Set out exactly every line of the entries below, starting at the line that holds "fix par par' v" and stopping after the line that holds "case (step y z)".
+===+
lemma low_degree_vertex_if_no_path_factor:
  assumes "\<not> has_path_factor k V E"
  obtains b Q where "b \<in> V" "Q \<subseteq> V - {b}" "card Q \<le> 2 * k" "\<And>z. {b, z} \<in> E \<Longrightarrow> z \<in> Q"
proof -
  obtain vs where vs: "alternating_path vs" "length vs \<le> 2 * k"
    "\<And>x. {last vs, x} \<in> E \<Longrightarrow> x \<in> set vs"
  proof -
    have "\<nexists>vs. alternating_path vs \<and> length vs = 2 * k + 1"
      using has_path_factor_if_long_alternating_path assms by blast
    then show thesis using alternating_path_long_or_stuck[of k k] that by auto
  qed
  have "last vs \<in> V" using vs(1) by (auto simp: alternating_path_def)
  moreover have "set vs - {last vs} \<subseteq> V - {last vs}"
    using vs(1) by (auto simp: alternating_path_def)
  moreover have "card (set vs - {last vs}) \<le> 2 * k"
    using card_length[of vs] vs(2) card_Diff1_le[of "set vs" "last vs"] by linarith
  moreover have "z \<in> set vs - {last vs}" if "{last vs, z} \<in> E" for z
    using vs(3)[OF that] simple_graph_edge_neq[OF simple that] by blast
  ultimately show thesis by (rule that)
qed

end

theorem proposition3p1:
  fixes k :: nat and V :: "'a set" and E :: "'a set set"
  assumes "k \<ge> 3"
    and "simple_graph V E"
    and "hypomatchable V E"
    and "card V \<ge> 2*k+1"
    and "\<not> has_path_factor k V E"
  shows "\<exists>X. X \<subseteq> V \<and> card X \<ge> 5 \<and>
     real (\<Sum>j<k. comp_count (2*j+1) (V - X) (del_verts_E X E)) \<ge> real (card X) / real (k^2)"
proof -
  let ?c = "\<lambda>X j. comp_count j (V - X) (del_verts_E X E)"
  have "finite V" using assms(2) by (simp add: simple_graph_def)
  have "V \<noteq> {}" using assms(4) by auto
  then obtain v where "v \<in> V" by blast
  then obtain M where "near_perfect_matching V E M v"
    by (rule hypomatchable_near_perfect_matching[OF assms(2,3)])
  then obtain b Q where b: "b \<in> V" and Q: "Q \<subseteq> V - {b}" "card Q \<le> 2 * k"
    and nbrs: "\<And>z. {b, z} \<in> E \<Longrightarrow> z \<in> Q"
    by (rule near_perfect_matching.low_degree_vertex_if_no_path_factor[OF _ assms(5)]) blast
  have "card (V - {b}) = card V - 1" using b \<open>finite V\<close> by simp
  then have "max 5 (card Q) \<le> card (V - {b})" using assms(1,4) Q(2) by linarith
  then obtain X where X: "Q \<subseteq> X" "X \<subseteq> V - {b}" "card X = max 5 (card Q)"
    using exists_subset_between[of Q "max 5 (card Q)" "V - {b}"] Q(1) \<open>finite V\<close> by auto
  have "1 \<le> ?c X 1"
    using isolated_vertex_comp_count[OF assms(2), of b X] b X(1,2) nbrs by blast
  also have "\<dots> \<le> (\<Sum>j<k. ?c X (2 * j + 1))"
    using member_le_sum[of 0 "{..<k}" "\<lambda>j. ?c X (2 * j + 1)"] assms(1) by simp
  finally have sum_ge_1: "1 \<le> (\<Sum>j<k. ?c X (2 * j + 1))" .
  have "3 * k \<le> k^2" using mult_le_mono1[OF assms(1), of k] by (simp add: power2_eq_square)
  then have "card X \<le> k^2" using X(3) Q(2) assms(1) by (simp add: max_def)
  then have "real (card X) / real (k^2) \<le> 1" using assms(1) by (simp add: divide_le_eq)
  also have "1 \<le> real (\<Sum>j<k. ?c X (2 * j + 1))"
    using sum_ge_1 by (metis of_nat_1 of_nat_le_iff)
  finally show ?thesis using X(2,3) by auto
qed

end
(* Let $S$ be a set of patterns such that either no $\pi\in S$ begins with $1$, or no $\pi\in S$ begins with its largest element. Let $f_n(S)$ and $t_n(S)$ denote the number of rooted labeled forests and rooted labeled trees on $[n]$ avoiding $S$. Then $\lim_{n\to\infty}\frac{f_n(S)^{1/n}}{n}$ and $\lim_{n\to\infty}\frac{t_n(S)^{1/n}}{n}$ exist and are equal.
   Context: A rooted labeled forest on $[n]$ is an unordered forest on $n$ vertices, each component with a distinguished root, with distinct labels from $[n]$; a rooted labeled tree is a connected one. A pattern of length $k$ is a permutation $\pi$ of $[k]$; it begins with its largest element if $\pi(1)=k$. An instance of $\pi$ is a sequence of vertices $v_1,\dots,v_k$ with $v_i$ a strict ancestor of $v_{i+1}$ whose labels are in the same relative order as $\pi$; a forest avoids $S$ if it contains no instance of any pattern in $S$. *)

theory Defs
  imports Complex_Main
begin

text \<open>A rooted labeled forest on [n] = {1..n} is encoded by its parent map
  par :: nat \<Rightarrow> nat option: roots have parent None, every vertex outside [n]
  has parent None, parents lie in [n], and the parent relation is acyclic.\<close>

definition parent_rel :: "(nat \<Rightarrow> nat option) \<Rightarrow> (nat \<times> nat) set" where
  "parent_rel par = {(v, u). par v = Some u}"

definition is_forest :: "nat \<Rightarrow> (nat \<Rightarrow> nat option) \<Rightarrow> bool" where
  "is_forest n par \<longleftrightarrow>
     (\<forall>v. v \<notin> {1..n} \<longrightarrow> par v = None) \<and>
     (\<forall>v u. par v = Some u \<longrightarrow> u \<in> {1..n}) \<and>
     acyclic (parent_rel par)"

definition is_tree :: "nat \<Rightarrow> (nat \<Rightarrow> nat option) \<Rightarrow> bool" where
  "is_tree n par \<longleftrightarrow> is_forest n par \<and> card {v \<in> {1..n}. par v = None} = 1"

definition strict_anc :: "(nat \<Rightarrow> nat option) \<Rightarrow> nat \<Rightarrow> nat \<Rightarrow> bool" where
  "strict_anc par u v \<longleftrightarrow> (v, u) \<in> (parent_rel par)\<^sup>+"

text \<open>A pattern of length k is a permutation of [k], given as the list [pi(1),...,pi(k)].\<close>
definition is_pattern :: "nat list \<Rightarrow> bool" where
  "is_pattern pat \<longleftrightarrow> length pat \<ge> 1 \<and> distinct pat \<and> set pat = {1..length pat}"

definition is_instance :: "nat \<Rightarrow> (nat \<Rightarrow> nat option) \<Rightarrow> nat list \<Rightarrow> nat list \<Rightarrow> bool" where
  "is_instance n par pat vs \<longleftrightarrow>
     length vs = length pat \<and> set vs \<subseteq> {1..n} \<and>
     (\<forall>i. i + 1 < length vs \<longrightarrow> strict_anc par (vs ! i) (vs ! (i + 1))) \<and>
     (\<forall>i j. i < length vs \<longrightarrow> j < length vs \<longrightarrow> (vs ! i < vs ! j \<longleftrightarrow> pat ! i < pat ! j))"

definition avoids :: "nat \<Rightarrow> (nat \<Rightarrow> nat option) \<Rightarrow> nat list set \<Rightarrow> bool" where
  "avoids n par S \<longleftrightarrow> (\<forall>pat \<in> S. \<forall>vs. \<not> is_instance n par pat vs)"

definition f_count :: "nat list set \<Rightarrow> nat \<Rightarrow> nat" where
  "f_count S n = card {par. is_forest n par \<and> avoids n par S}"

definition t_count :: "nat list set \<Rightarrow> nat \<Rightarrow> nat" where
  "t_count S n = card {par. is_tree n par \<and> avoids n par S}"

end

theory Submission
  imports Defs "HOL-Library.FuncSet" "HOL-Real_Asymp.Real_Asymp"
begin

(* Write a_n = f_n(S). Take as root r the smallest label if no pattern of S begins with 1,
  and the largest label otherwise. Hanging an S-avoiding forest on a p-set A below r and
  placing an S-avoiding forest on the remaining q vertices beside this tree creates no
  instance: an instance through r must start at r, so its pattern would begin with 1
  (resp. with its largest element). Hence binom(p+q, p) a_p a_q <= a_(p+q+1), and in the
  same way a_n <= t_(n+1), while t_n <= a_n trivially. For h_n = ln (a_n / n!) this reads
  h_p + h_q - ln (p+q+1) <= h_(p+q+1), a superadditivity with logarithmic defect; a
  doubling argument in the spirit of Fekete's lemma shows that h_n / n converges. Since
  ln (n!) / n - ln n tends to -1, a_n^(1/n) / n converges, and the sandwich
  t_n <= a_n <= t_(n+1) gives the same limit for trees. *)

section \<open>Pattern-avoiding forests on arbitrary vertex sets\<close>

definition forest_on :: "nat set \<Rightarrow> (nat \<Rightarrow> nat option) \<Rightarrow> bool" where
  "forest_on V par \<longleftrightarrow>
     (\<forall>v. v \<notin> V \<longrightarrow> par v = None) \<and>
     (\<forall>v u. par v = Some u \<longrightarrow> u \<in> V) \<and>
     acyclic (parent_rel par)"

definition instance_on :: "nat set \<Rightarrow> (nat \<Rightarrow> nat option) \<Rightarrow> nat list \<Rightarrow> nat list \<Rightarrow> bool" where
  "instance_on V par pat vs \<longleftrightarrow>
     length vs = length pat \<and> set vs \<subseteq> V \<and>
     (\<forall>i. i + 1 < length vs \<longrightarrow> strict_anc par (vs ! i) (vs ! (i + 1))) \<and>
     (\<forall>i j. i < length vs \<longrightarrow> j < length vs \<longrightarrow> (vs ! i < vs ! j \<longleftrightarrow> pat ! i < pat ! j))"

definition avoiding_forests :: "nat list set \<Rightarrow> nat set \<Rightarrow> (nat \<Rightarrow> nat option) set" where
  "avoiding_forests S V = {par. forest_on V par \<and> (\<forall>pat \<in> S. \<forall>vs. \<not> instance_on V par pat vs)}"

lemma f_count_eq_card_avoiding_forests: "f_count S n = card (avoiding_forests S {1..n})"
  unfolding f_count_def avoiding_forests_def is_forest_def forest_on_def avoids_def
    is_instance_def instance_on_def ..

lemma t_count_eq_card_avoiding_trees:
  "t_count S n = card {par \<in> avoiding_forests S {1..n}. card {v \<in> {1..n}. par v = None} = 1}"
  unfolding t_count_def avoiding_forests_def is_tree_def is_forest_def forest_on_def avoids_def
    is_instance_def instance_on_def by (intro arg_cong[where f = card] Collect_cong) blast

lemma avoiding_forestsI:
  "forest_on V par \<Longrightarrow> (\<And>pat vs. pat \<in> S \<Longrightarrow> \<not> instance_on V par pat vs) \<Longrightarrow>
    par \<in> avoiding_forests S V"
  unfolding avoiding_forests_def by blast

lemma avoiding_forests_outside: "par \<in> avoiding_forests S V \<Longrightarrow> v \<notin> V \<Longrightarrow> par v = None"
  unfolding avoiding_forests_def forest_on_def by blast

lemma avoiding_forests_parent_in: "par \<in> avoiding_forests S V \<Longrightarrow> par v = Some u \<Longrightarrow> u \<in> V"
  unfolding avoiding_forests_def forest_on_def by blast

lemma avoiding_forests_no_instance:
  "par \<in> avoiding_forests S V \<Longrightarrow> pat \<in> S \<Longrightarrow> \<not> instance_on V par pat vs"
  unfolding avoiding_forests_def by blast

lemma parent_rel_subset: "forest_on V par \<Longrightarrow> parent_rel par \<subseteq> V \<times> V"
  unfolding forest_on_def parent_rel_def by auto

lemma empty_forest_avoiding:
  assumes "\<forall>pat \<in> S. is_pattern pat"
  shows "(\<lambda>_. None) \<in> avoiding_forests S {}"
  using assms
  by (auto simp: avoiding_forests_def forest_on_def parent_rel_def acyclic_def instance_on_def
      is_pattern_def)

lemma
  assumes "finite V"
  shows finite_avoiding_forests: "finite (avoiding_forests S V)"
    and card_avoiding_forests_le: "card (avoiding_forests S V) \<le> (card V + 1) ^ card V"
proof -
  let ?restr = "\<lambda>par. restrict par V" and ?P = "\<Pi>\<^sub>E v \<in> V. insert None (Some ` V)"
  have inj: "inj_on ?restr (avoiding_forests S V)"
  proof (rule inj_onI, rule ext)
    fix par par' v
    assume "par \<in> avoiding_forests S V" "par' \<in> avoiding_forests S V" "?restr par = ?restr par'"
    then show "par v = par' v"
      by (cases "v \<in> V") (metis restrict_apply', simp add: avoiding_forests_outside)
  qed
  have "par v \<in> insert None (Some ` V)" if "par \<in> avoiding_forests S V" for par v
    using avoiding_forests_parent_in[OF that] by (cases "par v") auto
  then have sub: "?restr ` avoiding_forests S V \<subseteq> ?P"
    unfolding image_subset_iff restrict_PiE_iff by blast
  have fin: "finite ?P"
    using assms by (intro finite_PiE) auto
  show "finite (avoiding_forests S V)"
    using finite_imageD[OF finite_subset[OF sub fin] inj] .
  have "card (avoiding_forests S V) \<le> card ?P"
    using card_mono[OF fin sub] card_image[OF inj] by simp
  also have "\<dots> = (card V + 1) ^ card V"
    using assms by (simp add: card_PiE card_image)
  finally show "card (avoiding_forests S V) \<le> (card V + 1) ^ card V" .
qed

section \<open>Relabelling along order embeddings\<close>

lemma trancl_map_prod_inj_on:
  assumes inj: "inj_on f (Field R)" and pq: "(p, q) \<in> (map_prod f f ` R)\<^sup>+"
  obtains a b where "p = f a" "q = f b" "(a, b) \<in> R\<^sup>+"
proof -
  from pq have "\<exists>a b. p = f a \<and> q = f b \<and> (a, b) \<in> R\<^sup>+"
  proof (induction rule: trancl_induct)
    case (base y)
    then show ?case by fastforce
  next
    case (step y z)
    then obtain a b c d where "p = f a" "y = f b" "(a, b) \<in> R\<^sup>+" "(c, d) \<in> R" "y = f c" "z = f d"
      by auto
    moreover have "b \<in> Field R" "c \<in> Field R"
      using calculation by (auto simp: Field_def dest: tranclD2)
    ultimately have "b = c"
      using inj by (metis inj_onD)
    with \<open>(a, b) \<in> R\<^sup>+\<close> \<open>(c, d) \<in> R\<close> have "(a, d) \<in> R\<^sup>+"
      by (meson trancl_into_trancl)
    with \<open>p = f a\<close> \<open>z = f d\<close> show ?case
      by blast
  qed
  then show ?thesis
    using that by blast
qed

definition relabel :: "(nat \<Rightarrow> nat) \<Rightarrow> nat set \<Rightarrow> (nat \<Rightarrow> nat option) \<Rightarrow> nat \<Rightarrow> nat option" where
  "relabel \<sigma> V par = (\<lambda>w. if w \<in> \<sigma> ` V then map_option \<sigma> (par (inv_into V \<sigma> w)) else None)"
+===+
→ Exercise answer:
    fix par par' v
    assume "par \<in> avoiding_forests S V" "par' \<in> avoiding_forests S V" "?restr par = ?restr par'"
    then show "par v = par' v"
      by (cases "v \<in> V") (metis restrict_apply', simp add: avoiding_forests_outside)
  qed
  have "par v \<in> insert None (Some ` V)" if "par \<in> avoiding_forests S V" for par v
    using avoiding_forests_parent_in[OF that] by (cases "par v") auto
  then have sub: "?restr ` avoiding_forests S V \<subseteq> ?P"
    unfolding image_subset_iff restrict_PiE_iff by blast
  have fin: "finite ?P"
    using assms by (intro finite_PiE) auto
  show "finite (avoiding_forests S V)"
    using finite_imageD[OF finite_subset[OF sub fin] inj] .
  have "card (avoiding_forests S V) \<le> card ?P"
    using card_mono[OF fin sub] card_image[OF inj] by simp
  also have "\<dots> = (card V + 1) ^ card V"
    using assms by (simp add: card_PiE card_image)
  finally show "card (avoiding_forests S V) \<le> (card V + 1) ^ card V" .
qed

section \<open>Relabelling along order embeddings\<close>

lemma trancl_map_prod_inj_on:
  assumes inj: "inj_on f (Field R)" and pq: "(p, q) \<in> (map_prod f f ` R)\<^sup>+"
  obtains a b where "p = f a" "q = f b" "(a, b) \<in> R\<^sup>+"
proof -
  from pq have "\<exists>a b. p = f a \<and> q = f b \<and> (a, b) \<in> R\<^sup>+"
  proof (induction rule: trancl_induct)
    case (base y)
    then show ?case by fastforce
  next
    case (step y z)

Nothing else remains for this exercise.